**Problem requirements**
From the data below, return the exact lines starting at the line containing "R L \<longleftrightarrow>" and ending at the line containing "text \<open>Bit strings", both included, and nothing else.

**Data**

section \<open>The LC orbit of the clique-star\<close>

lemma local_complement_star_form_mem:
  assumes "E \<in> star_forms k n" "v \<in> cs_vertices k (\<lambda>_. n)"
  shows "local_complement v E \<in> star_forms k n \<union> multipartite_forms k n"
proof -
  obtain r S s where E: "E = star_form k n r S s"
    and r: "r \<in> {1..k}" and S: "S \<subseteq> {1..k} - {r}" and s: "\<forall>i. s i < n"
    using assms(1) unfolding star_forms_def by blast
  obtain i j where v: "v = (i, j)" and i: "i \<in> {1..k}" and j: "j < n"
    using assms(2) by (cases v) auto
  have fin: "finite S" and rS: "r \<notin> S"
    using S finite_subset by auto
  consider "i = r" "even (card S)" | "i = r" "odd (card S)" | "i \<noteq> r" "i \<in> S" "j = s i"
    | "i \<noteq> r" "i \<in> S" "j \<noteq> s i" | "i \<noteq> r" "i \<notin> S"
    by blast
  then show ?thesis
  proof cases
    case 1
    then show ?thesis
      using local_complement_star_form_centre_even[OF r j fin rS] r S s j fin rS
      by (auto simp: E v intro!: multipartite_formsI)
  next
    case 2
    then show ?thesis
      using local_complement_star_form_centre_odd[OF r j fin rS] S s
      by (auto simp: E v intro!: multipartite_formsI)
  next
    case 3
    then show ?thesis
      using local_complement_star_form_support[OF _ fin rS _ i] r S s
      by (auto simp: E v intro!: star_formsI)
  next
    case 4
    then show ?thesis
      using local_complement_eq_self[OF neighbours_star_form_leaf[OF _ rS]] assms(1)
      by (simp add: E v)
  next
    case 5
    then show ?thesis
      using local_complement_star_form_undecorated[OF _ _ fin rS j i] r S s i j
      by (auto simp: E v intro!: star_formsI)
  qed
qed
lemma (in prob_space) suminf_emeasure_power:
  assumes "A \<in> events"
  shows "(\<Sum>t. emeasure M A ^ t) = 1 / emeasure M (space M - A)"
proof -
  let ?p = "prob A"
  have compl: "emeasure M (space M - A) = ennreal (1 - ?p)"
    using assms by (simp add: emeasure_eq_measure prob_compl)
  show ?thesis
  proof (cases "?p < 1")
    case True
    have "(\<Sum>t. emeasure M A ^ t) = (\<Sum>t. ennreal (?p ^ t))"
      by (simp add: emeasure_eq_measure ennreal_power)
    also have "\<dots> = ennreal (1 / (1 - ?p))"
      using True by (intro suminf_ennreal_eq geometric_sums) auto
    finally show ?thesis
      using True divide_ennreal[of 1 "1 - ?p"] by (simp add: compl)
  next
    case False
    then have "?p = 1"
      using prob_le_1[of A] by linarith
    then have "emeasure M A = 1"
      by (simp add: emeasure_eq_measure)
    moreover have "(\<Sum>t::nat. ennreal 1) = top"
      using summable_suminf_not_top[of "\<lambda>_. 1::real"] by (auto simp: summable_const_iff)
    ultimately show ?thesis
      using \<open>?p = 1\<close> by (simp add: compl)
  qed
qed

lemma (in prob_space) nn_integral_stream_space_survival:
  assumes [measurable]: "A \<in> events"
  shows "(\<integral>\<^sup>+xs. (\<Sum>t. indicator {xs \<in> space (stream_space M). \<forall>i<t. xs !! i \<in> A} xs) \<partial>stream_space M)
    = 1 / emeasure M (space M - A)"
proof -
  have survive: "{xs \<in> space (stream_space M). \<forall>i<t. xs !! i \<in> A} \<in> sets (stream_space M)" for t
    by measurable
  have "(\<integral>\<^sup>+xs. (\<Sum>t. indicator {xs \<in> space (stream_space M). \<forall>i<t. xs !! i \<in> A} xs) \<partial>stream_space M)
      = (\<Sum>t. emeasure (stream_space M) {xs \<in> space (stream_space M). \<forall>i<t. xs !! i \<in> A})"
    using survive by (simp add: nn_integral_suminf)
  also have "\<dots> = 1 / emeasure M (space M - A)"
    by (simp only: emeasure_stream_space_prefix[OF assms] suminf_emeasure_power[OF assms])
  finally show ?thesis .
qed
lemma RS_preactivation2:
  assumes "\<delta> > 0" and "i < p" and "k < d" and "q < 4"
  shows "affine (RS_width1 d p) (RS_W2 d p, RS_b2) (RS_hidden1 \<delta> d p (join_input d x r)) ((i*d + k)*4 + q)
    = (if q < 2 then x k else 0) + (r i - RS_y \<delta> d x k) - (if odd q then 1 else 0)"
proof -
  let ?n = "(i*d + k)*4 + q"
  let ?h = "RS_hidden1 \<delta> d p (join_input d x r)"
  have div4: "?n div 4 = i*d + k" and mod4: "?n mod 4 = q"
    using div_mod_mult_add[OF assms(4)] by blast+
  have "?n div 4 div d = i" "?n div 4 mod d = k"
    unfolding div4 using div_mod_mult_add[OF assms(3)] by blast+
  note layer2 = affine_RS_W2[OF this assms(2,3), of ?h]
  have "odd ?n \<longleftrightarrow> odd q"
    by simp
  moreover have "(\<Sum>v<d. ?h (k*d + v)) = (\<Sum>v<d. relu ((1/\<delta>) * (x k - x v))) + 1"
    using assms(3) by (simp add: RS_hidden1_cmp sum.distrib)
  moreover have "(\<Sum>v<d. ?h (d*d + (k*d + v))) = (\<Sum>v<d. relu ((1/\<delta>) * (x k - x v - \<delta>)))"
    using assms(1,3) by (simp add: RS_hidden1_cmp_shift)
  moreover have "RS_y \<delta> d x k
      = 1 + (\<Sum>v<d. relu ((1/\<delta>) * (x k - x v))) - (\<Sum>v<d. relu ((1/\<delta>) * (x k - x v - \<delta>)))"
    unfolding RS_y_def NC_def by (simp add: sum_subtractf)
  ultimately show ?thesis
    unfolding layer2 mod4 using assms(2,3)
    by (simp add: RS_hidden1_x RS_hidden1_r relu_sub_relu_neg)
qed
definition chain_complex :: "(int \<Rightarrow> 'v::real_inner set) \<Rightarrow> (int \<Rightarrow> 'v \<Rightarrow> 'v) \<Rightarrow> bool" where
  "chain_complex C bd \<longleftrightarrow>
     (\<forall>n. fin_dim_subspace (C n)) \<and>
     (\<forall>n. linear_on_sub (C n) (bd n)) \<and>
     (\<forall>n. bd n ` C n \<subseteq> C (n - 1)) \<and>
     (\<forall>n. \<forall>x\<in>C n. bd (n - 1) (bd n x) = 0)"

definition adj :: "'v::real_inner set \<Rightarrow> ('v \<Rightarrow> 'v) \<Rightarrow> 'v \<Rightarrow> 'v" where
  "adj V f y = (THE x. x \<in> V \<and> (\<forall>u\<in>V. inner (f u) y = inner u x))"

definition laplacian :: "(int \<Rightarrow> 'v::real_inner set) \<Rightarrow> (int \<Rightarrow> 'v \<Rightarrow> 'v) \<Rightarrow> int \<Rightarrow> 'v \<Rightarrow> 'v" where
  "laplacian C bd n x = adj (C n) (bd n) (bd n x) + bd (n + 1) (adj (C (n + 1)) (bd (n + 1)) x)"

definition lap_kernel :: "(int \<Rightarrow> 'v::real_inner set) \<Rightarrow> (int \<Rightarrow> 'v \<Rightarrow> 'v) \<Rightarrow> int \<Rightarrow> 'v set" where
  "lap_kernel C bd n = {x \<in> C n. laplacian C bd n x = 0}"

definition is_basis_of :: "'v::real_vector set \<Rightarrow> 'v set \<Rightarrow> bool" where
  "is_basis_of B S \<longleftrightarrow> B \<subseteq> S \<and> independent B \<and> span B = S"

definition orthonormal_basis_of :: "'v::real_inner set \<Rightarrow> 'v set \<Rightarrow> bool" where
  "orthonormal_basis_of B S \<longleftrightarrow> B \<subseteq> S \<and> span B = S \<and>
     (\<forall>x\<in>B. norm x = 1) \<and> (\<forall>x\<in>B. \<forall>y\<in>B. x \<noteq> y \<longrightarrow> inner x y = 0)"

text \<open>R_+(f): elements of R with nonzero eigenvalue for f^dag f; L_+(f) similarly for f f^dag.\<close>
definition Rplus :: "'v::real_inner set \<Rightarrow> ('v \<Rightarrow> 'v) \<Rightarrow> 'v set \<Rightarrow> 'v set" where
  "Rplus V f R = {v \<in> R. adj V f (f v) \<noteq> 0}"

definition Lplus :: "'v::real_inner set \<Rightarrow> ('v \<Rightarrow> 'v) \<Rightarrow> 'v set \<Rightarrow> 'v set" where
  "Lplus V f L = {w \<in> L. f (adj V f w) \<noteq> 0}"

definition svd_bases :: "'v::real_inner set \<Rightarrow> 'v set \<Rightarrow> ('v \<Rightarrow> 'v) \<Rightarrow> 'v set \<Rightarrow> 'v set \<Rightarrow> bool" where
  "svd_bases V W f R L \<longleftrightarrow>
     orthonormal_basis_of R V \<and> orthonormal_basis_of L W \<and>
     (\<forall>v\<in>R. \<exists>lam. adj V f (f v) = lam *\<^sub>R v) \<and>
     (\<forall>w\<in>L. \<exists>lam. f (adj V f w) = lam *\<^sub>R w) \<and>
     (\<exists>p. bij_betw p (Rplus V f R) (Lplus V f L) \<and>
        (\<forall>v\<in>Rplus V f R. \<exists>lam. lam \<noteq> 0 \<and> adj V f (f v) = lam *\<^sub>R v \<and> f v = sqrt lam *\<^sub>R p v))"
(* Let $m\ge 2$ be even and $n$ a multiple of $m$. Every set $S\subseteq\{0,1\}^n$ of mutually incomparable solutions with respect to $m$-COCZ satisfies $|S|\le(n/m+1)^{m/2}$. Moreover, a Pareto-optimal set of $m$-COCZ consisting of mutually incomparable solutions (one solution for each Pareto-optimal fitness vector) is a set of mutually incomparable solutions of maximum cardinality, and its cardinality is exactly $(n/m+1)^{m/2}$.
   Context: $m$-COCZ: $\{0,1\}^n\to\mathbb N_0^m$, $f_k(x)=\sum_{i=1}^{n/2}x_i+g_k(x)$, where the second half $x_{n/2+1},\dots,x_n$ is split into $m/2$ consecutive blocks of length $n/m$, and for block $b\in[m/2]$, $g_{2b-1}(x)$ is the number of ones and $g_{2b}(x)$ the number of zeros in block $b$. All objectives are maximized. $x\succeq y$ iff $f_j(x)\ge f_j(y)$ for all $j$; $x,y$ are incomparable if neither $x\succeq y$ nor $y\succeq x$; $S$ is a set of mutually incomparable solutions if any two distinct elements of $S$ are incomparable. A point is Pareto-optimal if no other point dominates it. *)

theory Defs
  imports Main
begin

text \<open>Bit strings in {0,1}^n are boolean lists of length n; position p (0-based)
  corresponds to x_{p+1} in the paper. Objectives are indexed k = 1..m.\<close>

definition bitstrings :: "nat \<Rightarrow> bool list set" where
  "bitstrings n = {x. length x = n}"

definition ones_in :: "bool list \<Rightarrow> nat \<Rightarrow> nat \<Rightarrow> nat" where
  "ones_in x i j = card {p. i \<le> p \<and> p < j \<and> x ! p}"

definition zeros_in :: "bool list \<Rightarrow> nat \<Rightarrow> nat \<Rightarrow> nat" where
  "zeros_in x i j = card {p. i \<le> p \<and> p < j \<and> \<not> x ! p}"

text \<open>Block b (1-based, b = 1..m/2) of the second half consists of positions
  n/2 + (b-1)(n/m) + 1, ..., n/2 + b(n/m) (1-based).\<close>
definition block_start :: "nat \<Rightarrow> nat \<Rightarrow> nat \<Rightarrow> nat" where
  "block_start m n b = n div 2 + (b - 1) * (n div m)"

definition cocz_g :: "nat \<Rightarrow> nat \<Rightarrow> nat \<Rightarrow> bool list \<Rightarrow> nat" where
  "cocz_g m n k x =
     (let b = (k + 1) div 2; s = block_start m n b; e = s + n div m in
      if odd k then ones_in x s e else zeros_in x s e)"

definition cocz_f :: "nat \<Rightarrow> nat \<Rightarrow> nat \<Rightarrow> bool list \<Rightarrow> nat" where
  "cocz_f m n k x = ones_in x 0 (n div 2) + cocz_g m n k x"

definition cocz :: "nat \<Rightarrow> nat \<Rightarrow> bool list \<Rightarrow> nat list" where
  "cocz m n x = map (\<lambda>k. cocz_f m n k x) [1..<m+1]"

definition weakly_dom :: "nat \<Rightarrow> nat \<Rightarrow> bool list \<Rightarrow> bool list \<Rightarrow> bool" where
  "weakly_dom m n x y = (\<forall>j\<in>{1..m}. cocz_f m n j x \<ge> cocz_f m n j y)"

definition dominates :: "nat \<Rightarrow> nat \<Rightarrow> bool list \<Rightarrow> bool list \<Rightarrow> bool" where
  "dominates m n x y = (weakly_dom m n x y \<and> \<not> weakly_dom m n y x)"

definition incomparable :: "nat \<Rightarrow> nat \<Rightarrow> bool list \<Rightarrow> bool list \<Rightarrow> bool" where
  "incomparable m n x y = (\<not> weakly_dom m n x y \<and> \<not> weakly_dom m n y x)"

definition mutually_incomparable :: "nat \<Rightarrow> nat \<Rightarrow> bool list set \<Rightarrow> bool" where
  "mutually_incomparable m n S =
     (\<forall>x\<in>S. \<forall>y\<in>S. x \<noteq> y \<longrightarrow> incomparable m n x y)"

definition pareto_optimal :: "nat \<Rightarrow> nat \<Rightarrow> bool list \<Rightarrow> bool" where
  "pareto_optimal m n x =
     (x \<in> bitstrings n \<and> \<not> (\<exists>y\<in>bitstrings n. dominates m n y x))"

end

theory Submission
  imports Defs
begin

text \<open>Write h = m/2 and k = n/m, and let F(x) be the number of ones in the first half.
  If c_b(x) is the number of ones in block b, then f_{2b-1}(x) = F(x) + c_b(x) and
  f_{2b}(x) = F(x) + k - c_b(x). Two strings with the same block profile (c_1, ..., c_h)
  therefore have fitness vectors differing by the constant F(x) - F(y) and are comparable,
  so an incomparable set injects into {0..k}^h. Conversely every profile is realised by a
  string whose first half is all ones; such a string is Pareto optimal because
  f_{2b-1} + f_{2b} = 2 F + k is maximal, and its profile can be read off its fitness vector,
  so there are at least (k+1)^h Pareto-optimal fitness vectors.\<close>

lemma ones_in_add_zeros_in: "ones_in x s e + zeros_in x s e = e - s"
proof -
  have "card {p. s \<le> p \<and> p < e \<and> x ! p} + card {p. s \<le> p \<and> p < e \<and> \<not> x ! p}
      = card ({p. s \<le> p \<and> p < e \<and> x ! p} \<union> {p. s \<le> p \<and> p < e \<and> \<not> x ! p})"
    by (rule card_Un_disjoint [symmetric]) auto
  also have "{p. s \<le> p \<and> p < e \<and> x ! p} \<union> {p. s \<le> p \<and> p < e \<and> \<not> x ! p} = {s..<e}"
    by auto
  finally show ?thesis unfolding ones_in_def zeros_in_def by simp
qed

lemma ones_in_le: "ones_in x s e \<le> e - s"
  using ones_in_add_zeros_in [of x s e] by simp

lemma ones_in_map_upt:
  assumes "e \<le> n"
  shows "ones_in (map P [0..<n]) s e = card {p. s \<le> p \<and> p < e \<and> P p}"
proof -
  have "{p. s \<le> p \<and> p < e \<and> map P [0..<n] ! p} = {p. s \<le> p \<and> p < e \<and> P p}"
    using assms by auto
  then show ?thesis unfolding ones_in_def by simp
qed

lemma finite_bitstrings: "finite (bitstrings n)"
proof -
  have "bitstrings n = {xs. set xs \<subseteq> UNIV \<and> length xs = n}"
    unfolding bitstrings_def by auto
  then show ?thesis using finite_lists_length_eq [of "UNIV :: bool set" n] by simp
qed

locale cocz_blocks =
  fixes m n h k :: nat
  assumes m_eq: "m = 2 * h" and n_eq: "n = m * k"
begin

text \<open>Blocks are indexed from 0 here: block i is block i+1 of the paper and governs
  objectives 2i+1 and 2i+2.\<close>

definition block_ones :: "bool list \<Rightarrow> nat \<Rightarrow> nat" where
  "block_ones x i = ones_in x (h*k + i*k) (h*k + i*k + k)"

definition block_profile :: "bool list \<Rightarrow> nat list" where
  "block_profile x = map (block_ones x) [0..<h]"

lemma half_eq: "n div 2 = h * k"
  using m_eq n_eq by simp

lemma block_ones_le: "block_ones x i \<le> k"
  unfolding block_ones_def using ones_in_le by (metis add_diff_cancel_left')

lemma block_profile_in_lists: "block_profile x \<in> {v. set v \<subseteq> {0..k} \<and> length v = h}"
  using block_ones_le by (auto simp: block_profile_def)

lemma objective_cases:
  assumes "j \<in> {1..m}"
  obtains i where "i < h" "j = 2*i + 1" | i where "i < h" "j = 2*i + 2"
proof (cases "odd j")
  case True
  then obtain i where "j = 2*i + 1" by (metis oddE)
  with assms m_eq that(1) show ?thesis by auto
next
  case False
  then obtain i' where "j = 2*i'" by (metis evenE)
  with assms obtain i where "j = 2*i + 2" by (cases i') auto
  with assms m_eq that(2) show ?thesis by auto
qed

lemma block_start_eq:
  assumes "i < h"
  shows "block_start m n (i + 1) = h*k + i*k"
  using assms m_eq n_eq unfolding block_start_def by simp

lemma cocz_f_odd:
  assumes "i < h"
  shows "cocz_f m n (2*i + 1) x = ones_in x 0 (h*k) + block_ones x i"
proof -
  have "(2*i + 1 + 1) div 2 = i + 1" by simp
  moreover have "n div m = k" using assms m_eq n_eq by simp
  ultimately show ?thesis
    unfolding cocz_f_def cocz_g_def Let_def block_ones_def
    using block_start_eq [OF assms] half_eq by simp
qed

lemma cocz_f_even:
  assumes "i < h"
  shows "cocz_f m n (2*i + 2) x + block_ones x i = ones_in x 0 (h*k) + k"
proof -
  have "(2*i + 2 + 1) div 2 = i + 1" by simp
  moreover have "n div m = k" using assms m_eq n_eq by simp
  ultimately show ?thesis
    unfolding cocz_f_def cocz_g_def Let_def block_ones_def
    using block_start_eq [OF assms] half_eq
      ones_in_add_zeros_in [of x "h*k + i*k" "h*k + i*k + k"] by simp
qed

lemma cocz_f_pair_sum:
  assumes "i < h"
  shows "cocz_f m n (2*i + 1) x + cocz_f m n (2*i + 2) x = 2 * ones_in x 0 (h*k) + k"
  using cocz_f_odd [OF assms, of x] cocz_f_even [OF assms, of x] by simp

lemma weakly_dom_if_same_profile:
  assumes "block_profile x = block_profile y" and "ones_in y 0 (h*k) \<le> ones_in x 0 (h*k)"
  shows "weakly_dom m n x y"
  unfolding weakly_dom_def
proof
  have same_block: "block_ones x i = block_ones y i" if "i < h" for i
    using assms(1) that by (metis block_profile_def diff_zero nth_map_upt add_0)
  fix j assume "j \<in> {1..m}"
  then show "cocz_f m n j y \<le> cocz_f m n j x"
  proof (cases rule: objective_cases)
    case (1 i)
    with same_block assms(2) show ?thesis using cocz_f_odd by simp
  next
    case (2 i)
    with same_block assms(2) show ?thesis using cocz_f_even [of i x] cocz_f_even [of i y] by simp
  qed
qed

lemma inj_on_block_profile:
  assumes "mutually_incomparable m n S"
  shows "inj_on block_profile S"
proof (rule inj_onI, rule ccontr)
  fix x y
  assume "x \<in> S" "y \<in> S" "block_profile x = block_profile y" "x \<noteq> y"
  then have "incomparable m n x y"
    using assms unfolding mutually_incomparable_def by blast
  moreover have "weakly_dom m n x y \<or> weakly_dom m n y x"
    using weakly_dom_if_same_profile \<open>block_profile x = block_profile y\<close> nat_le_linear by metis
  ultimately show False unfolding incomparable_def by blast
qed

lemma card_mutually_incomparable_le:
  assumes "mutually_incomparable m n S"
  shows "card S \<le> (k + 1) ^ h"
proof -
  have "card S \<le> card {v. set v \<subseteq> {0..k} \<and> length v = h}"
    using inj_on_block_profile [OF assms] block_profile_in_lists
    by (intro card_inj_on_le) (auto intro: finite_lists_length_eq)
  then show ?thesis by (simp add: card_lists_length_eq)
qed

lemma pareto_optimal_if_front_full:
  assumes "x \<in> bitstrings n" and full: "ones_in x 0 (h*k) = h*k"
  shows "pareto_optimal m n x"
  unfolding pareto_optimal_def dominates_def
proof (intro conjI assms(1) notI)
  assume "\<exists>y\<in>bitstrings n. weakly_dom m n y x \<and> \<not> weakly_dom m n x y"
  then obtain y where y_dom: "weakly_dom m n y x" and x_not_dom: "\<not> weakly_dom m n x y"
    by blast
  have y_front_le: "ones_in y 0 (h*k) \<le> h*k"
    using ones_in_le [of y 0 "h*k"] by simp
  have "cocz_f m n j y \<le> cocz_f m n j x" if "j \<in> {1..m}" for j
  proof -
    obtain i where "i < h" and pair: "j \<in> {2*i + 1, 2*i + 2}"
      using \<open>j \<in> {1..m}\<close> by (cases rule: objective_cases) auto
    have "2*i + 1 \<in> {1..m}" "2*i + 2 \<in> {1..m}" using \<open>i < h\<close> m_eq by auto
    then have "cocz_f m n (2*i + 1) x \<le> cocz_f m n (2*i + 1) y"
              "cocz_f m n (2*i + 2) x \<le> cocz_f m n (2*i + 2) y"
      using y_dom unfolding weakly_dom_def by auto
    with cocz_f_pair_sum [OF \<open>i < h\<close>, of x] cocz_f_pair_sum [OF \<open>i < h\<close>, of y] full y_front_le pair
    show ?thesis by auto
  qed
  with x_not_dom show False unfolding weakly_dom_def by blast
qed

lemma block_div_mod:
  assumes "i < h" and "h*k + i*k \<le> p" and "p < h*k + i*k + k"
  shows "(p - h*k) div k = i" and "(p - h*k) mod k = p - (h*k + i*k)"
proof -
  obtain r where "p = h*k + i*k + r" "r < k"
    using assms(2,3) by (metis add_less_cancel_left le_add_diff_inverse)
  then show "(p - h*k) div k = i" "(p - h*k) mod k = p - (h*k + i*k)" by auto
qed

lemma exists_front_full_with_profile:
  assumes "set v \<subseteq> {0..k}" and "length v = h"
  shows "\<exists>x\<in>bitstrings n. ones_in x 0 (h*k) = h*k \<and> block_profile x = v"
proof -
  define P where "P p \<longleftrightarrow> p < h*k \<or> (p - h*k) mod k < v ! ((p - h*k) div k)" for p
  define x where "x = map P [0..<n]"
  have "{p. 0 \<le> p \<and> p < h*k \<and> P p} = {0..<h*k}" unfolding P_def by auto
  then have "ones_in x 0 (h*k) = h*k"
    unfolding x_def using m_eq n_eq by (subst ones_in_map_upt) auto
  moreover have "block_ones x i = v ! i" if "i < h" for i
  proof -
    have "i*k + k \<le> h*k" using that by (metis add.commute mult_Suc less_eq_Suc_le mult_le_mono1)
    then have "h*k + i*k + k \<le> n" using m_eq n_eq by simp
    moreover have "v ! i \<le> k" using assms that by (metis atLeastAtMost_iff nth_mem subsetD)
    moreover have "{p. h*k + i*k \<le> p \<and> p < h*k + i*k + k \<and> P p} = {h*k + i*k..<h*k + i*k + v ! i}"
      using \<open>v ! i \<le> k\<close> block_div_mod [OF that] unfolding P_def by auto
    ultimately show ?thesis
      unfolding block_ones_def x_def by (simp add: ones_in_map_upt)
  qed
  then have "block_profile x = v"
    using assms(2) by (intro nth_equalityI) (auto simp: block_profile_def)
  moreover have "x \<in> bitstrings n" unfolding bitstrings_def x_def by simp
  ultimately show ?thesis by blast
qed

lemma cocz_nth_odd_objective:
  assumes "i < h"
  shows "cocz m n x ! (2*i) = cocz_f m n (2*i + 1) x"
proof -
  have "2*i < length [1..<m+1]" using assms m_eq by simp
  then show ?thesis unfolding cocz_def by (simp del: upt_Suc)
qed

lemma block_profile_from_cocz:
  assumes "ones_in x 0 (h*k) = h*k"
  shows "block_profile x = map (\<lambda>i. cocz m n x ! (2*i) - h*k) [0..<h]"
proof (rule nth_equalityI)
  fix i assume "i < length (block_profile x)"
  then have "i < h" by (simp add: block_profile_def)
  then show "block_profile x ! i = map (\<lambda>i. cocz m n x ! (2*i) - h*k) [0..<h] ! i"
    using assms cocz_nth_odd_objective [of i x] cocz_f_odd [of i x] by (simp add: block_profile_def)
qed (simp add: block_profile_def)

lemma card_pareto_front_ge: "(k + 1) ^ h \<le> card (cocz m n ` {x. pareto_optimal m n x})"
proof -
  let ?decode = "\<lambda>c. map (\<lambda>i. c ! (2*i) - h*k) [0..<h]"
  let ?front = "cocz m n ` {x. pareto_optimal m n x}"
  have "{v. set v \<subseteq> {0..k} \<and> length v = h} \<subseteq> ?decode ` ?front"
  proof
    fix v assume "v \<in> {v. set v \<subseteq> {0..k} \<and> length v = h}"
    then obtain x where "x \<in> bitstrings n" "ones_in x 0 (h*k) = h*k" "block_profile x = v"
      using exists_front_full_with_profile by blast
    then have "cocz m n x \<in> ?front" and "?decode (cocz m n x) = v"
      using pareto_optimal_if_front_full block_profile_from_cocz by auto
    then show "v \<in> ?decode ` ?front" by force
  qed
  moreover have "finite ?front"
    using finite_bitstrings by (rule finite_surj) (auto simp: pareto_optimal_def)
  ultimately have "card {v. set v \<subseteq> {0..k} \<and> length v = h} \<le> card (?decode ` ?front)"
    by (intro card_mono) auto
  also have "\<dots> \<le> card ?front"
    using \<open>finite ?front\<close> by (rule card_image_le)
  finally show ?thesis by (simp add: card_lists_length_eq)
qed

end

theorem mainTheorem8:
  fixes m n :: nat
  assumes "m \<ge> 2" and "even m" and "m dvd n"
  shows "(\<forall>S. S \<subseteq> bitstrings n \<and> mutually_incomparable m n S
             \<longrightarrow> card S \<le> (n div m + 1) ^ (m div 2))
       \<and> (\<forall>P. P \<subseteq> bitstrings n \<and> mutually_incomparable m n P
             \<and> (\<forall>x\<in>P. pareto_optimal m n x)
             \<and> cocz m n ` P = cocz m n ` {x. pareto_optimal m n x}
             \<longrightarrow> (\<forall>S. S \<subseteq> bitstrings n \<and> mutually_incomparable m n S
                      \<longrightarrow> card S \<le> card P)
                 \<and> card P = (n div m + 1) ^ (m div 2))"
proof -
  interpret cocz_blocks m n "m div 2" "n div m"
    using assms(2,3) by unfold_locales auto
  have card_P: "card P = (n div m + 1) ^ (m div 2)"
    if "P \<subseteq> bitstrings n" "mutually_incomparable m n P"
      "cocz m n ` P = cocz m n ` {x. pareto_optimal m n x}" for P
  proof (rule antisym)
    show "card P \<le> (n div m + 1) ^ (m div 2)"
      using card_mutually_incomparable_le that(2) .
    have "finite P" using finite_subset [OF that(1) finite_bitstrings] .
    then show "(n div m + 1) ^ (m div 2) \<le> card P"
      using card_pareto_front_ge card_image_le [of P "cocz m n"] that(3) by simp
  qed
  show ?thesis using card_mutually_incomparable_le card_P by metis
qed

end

**Finished exercise**
  "svd_bases V W f R L \<longleftrightarrow>
     orthonormal_basis_of R V \<and> orthonormal_basis_of L W \<and>
     (\<forall>v\<in>R. \<exists>lam. adj V f (f v) = lam *\<^sub>R v) \<and>
     (\<forall>w\<in>L. \<exists>lam. f (adj V f w) = lam *\<^sub>R w) \<and>
     (\<exists>p. bij_betw p (Rplus V f R) (Lplus V f L) \<and>
        (\<forall>v\<in>Rplus V f R. \<exists>lam. lam \<noteq> 0 \<and> adj V f (f v) = lam *\<^sub>R v \<and> f v = sqrt lam *\<^sub>R p v))"
(* Let $m\ge 2$ be even and $n$ a multiple of $m$. Every set $S\subseteq\{0,1\}^n$ of mutually incomparable solutions with respect to $m$-COCZ satisfies $|S|\le(n/m+1)^{m/2}$. Moreover, a Pareto-optimal set of $m$-COCZ consisting of mutually incomparable solutions (one solution for each Pareto-optimal fitness vector) is a set of mutually incomparable solutions of maximum cardinality, and its cardinality is exactly $(n/m+1)^{m/2}$.
   Context: $m$-COCZ: $\{0,1\}^n\to\mathbb N_0^m$, $f_k(x)=\sum_{i=1}^{n/2}x_i+g_k(x)$, where the second half $x_{n/2+1},\dots,x_n$ is split into $m/2$ consecutive blocks of length $n/m$, and for block $b\in[m/2]$, $g_{2b-1}(x)$ is the number of ones and $g_{2b}(x)$ the number of zeros in block $b$. All objectives are maximized. $x\succeq y$ iff $f_j(x)\ge f_j(y)$ for all $j$; $x,y$ are incomparable if neither $x\succeq y$ nor $y\succeq x$; $S$ is a set of mutually incomparable solutions if any two distinct elements of $S$ are incomparable. A point is Pareto-optimal if no other point dominates it. *)

theory Defs
  imports Main
begin

text \<open>Bit strings in {0,1}^n are boolean lists of length n; position p (0-based)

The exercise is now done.